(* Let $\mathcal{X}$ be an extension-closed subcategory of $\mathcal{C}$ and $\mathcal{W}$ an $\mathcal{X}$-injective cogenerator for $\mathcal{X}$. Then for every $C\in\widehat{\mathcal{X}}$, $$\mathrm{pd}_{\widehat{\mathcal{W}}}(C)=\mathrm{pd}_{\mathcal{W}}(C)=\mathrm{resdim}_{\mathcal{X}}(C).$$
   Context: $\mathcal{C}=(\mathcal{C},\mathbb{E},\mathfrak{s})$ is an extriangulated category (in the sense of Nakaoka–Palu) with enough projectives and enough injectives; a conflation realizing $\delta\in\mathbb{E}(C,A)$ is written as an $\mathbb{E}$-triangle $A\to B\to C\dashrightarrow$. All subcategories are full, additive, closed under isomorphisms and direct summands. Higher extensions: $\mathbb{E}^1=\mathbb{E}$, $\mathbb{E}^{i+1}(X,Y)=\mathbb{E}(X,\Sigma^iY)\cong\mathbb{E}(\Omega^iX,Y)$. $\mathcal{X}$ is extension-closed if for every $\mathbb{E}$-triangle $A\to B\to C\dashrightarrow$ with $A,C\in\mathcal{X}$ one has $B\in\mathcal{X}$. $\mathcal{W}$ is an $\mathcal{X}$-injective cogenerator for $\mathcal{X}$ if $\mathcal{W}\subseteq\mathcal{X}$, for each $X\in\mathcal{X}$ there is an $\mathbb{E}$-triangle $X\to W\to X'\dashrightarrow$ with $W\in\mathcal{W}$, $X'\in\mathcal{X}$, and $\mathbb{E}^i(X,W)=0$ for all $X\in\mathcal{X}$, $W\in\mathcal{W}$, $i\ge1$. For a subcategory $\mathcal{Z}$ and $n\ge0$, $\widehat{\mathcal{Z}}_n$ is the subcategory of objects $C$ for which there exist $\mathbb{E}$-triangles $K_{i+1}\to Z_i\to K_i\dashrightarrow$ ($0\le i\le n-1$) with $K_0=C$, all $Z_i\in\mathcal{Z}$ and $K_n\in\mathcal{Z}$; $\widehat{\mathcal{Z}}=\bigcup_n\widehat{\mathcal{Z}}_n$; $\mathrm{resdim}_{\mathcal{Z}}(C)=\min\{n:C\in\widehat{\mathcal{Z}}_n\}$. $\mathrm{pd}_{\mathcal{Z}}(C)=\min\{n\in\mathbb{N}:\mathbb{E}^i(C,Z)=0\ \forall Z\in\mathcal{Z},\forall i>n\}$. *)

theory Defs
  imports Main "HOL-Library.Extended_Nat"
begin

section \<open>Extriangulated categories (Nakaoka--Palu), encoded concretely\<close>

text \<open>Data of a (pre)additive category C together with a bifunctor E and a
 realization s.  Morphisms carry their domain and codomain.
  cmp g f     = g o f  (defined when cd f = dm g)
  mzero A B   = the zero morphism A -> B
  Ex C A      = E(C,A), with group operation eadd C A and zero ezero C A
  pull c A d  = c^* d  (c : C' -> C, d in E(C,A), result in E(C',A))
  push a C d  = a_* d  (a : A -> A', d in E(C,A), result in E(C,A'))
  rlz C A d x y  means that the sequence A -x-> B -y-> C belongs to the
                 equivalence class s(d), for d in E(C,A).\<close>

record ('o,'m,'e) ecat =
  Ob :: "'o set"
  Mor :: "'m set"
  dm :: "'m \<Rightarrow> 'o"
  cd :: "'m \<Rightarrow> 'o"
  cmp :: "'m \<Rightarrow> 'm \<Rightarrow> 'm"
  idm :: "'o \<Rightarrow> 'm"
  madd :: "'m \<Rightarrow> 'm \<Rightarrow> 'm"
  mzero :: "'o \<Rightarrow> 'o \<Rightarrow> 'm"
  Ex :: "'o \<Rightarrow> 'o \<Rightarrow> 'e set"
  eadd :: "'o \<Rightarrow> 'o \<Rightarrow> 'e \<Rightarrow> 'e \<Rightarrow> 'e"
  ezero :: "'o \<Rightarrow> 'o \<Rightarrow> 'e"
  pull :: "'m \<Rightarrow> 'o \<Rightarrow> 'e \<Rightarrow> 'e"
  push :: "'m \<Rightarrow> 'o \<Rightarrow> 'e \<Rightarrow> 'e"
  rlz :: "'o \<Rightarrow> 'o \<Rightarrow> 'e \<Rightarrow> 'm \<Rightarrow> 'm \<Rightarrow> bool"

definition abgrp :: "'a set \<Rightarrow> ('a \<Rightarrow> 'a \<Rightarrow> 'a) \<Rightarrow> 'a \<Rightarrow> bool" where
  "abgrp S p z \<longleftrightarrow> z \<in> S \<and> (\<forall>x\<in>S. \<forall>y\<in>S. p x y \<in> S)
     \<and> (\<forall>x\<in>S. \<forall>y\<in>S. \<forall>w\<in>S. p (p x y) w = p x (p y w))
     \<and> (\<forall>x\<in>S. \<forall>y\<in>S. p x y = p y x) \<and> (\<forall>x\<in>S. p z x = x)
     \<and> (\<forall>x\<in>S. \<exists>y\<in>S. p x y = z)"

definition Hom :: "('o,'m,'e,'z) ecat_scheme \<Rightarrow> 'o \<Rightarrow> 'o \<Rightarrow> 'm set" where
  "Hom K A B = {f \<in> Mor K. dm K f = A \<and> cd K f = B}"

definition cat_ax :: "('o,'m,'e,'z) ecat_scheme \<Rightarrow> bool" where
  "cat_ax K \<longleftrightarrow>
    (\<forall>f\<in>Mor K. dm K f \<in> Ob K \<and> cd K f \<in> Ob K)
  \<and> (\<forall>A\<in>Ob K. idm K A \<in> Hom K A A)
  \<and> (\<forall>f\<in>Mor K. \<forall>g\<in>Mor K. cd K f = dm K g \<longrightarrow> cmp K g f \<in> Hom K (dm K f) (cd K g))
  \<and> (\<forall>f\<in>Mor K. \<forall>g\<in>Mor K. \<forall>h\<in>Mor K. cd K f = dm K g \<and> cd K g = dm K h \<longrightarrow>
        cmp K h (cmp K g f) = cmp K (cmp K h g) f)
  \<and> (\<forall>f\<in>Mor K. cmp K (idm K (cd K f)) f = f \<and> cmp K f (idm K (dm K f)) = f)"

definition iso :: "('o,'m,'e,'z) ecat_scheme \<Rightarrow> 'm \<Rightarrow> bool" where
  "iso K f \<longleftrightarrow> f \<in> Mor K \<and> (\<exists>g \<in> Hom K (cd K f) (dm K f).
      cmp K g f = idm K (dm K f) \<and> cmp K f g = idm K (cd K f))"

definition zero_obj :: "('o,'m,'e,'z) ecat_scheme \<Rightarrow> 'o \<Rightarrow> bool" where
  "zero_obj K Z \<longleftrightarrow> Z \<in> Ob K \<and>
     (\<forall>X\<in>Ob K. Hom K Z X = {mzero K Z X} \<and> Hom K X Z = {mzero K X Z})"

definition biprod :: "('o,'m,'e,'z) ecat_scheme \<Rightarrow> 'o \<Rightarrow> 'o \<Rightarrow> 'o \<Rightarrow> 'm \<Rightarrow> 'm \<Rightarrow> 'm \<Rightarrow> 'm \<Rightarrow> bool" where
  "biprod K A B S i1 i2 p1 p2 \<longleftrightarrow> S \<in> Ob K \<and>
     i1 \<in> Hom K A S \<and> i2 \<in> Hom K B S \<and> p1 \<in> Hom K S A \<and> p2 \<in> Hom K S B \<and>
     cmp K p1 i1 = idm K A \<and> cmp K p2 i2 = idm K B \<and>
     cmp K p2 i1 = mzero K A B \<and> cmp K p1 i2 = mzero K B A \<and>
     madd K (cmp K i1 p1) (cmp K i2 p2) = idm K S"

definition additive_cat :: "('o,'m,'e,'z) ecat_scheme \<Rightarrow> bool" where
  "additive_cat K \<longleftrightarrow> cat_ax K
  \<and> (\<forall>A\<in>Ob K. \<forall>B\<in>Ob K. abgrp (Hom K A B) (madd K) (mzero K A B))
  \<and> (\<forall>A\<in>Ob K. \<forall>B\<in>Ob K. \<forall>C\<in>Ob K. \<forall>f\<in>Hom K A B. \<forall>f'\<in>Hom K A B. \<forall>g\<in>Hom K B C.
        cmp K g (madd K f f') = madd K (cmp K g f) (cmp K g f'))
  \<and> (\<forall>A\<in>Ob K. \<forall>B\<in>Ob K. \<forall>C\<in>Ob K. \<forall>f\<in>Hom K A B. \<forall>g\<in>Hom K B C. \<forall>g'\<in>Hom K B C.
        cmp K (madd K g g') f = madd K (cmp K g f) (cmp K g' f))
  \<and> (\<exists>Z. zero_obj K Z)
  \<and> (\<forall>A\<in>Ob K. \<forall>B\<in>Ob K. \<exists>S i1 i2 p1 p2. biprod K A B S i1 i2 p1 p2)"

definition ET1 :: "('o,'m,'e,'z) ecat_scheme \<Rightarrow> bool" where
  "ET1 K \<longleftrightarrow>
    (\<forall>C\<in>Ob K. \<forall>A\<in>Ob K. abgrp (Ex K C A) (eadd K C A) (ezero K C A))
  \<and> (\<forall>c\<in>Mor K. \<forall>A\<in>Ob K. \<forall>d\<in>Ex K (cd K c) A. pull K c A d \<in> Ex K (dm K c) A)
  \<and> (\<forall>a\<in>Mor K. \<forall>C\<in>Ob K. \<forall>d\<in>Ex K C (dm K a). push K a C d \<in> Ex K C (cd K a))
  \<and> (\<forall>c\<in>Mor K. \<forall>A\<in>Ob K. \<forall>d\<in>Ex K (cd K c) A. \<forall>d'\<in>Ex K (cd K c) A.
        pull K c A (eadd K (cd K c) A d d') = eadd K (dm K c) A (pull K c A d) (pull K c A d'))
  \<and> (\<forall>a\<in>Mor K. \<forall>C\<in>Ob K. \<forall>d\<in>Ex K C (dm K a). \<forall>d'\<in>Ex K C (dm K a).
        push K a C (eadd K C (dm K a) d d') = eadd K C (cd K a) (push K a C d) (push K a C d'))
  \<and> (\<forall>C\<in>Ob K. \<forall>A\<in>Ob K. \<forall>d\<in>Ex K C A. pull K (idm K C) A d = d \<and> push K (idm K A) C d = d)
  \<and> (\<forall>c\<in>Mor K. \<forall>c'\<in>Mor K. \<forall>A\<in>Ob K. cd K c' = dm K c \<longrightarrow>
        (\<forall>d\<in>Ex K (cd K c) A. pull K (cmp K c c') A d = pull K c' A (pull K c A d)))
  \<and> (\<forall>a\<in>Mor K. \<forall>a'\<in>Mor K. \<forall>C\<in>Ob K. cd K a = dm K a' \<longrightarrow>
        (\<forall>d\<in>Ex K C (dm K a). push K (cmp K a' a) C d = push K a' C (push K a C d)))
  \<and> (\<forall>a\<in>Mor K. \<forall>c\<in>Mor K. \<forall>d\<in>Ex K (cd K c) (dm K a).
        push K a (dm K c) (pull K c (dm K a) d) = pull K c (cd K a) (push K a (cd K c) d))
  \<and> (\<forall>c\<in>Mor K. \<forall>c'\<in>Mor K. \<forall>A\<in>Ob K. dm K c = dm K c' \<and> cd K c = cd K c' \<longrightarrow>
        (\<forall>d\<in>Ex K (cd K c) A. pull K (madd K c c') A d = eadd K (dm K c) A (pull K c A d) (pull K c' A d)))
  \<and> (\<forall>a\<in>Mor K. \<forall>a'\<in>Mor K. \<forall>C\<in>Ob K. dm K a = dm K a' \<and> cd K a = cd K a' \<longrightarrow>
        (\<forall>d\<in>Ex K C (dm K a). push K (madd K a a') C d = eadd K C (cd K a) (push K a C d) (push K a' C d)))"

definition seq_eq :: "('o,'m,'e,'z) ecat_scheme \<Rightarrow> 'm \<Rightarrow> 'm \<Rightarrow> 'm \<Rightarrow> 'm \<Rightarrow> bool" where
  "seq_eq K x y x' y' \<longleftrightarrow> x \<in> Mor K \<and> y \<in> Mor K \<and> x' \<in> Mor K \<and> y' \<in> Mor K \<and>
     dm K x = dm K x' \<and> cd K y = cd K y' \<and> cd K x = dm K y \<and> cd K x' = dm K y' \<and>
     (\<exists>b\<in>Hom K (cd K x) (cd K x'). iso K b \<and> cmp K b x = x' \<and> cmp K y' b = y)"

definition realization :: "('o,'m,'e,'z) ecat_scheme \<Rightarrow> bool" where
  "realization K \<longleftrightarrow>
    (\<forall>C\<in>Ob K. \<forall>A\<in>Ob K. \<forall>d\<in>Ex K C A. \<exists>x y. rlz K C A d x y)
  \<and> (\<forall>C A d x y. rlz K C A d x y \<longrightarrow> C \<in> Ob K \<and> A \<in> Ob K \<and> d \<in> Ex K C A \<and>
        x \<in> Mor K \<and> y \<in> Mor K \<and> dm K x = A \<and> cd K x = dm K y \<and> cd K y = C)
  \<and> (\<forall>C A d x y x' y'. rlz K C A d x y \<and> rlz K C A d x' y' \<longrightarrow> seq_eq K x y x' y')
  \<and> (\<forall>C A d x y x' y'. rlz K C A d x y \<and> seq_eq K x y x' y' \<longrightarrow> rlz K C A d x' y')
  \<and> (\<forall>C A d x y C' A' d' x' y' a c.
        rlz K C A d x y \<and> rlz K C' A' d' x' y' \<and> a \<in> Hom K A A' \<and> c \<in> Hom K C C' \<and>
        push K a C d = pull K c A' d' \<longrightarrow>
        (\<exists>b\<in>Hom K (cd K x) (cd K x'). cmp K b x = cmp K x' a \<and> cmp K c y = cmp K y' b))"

+++++

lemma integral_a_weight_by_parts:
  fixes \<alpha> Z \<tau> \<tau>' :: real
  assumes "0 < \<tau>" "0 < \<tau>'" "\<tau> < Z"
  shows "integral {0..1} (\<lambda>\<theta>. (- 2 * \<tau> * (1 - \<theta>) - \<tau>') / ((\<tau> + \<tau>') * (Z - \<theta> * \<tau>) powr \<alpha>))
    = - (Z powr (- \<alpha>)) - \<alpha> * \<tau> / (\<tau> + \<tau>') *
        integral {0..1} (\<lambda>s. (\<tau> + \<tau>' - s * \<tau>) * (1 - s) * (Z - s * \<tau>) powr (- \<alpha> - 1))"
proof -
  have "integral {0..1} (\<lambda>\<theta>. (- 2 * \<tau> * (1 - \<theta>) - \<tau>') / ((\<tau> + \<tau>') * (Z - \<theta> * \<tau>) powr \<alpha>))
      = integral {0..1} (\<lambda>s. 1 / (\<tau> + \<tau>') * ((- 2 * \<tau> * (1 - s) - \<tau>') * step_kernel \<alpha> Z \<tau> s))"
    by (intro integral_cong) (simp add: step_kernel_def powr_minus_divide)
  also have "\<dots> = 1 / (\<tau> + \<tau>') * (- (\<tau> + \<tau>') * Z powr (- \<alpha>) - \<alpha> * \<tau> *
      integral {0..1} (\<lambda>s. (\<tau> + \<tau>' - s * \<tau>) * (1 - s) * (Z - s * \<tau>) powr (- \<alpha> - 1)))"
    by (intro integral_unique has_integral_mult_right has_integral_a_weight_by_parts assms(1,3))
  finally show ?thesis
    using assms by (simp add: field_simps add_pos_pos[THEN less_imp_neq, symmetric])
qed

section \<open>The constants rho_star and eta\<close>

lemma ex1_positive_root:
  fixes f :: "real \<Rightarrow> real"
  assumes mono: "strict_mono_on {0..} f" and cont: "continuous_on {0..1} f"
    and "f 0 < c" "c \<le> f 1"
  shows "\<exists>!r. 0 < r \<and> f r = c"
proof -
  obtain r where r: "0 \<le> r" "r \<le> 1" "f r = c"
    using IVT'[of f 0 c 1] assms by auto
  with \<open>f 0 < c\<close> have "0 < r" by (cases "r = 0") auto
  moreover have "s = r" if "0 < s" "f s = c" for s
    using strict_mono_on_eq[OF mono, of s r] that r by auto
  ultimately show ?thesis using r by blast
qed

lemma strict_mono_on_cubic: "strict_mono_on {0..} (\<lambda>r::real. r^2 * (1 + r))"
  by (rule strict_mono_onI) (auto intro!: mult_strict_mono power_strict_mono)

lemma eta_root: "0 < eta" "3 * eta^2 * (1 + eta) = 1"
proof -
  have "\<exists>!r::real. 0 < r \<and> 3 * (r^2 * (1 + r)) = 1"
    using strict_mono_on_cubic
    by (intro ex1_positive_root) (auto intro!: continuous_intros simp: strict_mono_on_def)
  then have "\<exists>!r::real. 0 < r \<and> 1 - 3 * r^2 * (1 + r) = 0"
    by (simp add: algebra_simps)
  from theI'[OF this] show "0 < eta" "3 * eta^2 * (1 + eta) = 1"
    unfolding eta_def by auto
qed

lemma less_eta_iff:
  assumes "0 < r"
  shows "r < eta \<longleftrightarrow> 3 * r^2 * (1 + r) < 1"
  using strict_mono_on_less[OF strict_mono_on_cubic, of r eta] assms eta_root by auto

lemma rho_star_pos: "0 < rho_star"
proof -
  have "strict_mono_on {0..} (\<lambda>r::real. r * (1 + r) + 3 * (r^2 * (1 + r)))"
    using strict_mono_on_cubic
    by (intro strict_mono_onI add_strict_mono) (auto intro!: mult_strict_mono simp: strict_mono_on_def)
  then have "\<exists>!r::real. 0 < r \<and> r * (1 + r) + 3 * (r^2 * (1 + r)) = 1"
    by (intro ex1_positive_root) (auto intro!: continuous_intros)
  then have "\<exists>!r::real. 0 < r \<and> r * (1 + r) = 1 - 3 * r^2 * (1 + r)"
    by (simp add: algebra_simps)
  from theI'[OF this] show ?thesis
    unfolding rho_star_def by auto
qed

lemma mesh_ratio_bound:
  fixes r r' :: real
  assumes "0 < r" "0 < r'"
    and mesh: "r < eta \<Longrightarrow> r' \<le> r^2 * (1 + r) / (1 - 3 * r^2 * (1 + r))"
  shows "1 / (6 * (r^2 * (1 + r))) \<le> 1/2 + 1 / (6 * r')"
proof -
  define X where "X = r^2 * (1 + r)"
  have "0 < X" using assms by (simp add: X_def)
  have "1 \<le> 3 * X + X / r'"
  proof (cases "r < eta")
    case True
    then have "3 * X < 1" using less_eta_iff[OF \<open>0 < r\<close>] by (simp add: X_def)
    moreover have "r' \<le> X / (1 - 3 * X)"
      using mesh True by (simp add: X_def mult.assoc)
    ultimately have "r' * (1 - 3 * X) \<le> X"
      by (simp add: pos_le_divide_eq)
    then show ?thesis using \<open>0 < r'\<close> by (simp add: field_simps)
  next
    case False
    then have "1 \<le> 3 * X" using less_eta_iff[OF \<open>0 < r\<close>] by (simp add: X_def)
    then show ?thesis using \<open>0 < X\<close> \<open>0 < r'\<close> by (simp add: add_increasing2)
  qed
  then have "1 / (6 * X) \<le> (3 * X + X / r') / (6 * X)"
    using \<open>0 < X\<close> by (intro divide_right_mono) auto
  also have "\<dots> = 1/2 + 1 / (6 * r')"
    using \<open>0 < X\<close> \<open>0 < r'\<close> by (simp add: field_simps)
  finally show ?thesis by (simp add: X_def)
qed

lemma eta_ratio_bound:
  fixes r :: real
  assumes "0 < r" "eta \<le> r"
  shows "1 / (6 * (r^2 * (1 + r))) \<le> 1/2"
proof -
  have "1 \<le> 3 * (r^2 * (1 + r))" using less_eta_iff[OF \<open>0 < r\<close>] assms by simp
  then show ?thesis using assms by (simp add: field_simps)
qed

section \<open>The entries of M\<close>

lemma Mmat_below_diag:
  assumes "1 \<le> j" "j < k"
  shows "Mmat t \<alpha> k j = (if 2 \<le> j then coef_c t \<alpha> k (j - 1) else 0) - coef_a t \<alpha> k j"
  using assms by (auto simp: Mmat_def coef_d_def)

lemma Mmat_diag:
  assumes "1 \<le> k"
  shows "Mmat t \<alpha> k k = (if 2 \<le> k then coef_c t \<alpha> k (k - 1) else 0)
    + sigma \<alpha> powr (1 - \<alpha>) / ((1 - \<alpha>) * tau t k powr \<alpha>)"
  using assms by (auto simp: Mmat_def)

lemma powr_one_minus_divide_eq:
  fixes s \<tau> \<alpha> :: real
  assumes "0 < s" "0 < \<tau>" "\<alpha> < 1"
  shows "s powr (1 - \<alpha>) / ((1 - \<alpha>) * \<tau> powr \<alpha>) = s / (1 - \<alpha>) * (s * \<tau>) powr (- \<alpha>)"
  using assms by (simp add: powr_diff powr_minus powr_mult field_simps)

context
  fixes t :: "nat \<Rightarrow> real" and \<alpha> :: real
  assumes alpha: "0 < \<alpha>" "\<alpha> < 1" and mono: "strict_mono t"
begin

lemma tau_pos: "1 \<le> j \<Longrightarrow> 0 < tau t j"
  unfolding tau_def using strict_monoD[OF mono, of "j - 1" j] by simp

+++++

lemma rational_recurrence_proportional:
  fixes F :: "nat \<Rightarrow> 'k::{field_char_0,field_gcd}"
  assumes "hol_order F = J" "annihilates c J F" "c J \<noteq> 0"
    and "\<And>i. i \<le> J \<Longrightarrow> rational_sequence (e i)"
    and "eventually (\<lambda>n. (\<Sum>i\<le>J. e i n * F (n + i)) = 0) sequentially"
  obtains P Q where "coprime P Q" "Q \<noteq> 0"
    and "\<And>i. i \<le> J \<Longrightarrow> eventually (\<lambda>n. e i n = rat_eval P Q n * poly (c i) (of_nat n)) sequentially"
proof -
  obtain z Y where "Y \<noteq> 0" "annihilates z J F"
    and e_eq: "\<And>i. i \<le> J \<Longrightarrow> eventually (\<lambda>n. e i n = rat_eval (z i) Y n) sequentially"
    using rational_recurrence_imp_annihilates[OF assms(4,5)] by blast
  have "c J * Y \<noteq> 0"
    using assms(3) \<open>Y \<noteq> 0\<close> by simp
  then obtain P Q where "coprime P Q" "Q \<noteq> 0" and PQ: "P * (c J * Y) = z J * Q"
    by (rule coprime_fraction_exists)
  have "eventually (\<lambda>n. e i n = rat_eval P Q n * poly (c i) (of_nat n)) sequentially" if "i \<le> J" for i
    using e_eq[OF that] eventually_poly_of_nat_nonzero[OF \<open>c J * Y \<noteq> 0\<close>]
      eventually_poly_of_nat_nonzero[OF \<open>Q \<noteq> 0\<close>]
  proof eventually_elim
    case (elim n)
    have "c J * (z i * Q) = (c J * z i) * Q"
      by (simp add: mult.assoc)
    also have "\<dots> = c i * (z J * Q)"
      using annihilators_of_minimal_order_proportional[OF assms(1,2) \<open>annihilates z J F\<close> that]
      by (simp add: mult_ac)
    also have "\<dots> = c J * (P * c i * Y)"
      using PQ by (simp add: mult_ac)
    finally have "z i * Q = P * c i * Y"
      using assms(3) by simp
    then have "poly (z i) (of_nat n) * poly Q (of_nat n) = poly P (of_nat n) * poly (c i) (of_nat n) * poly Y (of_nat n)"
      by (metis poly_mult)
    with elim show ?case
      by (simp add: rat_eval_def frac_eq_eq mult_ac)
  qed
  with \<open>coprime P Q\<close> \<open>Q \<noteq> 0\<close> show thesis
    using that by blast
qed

+++++

## Task brief
Set down again, word for word, the stretch of records from the line with "then show ?thesis using assms" to the line with "unfolding tau_def using", both of those lines included.

## Your response
  then show ?thesis using assms by (simp add: field_simps)
qed

section \<open>The entries of M\<close>

lemma Mmat_below_diag:
  assumes "1 \<le> j" "j < k"
  shows "Mmat t \<alpha> k j = (if 2 \<le> j then coef_c t \<alpha> k (j - 1) else 0) - coef_a t \<alpha> k j"
  using assms by (auto simp: Mmat_def coef_d_def)

lemma Mmat_diag:
  assumes "1 \<le> k"
  shows "Mmat t \<alpha> k k = (if 2 \<le> k then coef_c t \<alpha> k (k - 1) else 0)
    + sigma \<alpha> powr (1 - \<alpha>) / ((1 - \<alpha>) * tau t k powr \<alpha>)"
  using assms by (auto simp: Mmat_def)

lemma powr_one_minus_divide_eq:
  fixes s \<tau> \<alpha> :: real
  assumes "0 < s" "0 < \<tau>" "\<alpha> < 1"
  shows "s powr (1 - \<alpha>) / ((1 - \<alpha>) * \<tau> powr \<alpha>) = s / (1 - \<alpha>) * (s * \<tau>) powr (- \<alpha>)"
  using assms by (simp add: powr_diff powr_minus powr_mult field_simps)

context
  fixes t :: "nat \<Rightarrow> real" and \<alpha> :: real
  assumes alpha: "0 < \<alpha>" "\<alpha> < 1" and mono: "strict_mono t"
begin

lemma tau_pos: "1 \<le> j \<Longrightarrow> 0 < tau t j"
  unfolding tau_def using strict_monoD[OF mono, of "j - 1" j] by simp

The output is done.